Усыновил я родного сына, стал он из дяди младшим братом, и сразу перебрались в Матлым. От всяких ненужных разговоров. Опять новосел, в который раз...
И ведь не от склонности - от судьбы. Вообще-то я скажу вам по опыту: тяжелый вес человеку вреден. Трудней укореняется в почве. Самое легкое дерево в мире растет на африканском болоте, а делают из него плоты. Амбач называется. Так и в жизни: будешь легче - и будет легче.
Он неожиданно смеется:
– Недостижимая
Держим паузу. Каждый молчит о своем. Где-то, почти на другой планете, Москва, из которой я кинулся в путь, поверив тому, что дорога лечит. В дороге не будешь гадать, как сложатся эти шестидесятые годы, куда они тебя заведут.
Негромко вздохнув, Рудаков говорит:
– Живем теперь, можно сказать, по-людски. В прошлый раз, когда ездил в Тобольск, взял своих пацанят с собой. Пусть глянут на городскую жизнь. Сходили мы с ними в сад Ермака, поели мороженого, послушали музыку, потом в кино, гулять так гулять.

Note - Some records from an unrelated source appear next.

(* Every betweenness algebra $\langle A,f,g\rangle$ is a discriminator algebra; specifically, the map $d(a)=f(a,a)+-g(a,a)$ is the unary discriminator on $A$, i.e. $d(0)=0$ and $d(a)=1$ for all $a\neq0$.
   Context: A PS-algebra is $\langle A,f,g\rangle$ where $A$ is a Boolean algebra with at least two elements (operations $+,\cdot,-,0,1$) and $f,g\colon A^2\to A$ satisfy: $f(x,y)=0$ whenever $x=0$ or $y=0$; $f$ is additive in each argument; $g(x,y)=1$ whenever $x=0$ or $y=0$; $g$ is co-additive in each argument ($g(x+x',y)=g(x,y)\cdot g(x',y)$, $g(x,y+y')=g(x,y)\cdot g(x,y')$). A betweenness algebra is a PS-algebra satisfying for all $x,y,z$: (ABT0) $x\leq f(x,x)$; (ABT1$_f$) $f(x,y)\leq f(y,x)$; (ABT1$_g$) $g(x,y)\leq g(y,x)$; (ABT2) $y\cdot f(x,z)\leq f(x\cdot f(x,y),z)$; (ABT3) $f(x,g(x,-y)\cdot y)\leq y$; (wMIA) if $x\neq0$ and $y\neq0$ then $g(x,y)\leq f(x,y)$. *)

theory Defs
  imports Main
begin

text \<open>Boolean algebra operations: + is sup, \<cdot> is inf, - is uminus, 0 is bot, 1 is top,
  order \<le> is the lattice order. The carrier is the type 'a.\<close>

definition PS_algebra :: "('a::boolean_algebra \<Rightarrow> 'a \<Rightarrow> 'a) \<Rightarrow> ('a \<Rightarrow> 'a \<Rightarrow> 'a) \<Rightarrow> bool" where
  "PS_algebra f g \<longleftrightarrow>
     (bot::'a) \<noteq> top \<and>
     (\<forall>x y. (x = bot \<or> y = bot) \<longrightarrow> f x y = bot) \<and>
     (\<forall>x x' y. f (sup x x') y = sup (f x y) (f x' y)) \<and>
     (\<forall>x y y'. f x (sup y y') = sup (f x y) (f x y')) \<and>
     (\<forall>x y. (x = bot \<or> y = bot) \<longrightarrow> g x y = top) \<and>
     (\<forall>x x' y. g (sup x x') y = inf (g x y) (g x' y)) \<and>
     (\<forall>x y y'. g x (sup y y') = inf (g x y) (g x y'))"

definition betweenness_algebra :: "('a::boolean_algebra \<Rightarrow> 'a \<Rightarrow> 'a) \<Rightarrow> ('a \<Rightarrow> 'a \<Rightarrow> 'a) \<Rightarrow> bool" where
  "betweenness_algebra f g \<longleftrightarrow>
     PS_algebra f g \<and>
     (\<forall>x. x \<le> f x x) \<and>
     (\<forall>x y. f x y \<le> f y x) \<and>
     (\<forall>x y. g x y \<le> g y x) \<and>
     (\<forall>x y z. inf y (f x z) \<le> f (inf x (f x y)) z) \<and>
     (\<forall>x y. f x (inf (g x (- y)) y) \<le> y) \<and>
     (\<forall>x y. x \<noteq> bot \<and> y \<noteq> bot \<longrightarrow> g x y \<le> f x y)"

definition unary_discriminator :: "('a::boolean_algebra \<Rightarrow> 'a) \<Rightarrow> bool" where
  "unary_discriminator d \<longleftrightarrow> d bot = bot \<and> (\<forall>a. a \<noteq> bot \<longrightarrow> d a = top)"

end

theory Submission
  imports Defs
begin

text \<open>Of the betweenness axioms only (wMIA) is needed: for a \<noteq> 0 it gives g(a,a) \<le> f(a,a),
  so f(a,a) + -g(a,a) \<ge> g(a,a) + -g(a,a) = 1, while the normality axioms give
  f(0,0) = 0 and g(0,0) = 1.\<close>

lemma PS_algebra_diagonal_bot:
  assumes "PS_algebra f g"
  shows "f bot bot = bot" and "g bot bot = top"
  using assms unfolding PS_algebra_def by auto

lemma unary_discriminator_if_weak_MIA:
  fixes f g :: "'a::boolean_algebra \<Rightarrow> 'a \<Rightarrow> 'a"
  assumes "PS_algebra f g"
    and weak_MIA: "\<And>a. a \<noteq> bot \<Longrightarrow> g a a \<le> f a a"
  shows "unary_discriminator (\<lambda>a. sup (f a a) (- g a a))"
  unfolding unary_discriminator_def
  using PS_algebra_diagonal_bot[OF assms(1)] weak_MIA by (simp add: sup_shunt)

theorem corollary39:
  fixes f g :: "'a::boolean_algebra \<Rightarrow> 'a \<Rightarrow> 'a"
  assumes "betweenness_algebra f g"
  shows "unary_discriminator (\<lambda>a. sup (f a a) (- g a a))"
proof (rule unary_discriminator_if_weak_MIA[of f g])
  show "PS_algebra f g"
    using assms unfolding betweenness_algebra_def by blast
  show "g a a \<le> f a a" if "a \<noteq> bot" for a
    using assms that unfolding betweenness_algebra_def by blast
qed

end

– Сами по городу не томитесь?
– Долго там не могу. Отвык. И толкотня, и воздух не тот. Безжизненный и неразличимый. В лесу все дышит, и все по-своему. Ствол - возрастом, корни - землей, листья - ветром, мох дышит севером, хвоя - свежестью. Лес пахнет гуще, чем океан. Что говорить - сила да воля. Лесотехнику в городе нечего делать. Сам выбирал себе биографию.
Мало-помалу белесый свет неба меркнет, и мир вокруг темнеет. Волна за кормой урчит, будто жалуясь, что до Губы еще далеко - пока мы до нее доберемся, много еще утечет воды.
К Матлыму "Чулым" подошел уже ночью. От берега подгребла моторка, она и забрала Рудакова.
ПАЛКА
Чем дальше и дольше твое путешествие, тем чаще скрещиваются частицы, составившие пейзаж и сюжет. Кажется, что ничем не схожи, разные по сути, по весу, но словно ищут одна другую и, странным образом, обретают. И то, что недаром так много значило, осело, укоренилось в сознании, и то, что давно и легко унялось, вдруг стягивается в один пучок. Нежданная магнитная буря. Смешиваются звуки и краски, предметы и лица, слова, мгновения, и обнаруживается их связь.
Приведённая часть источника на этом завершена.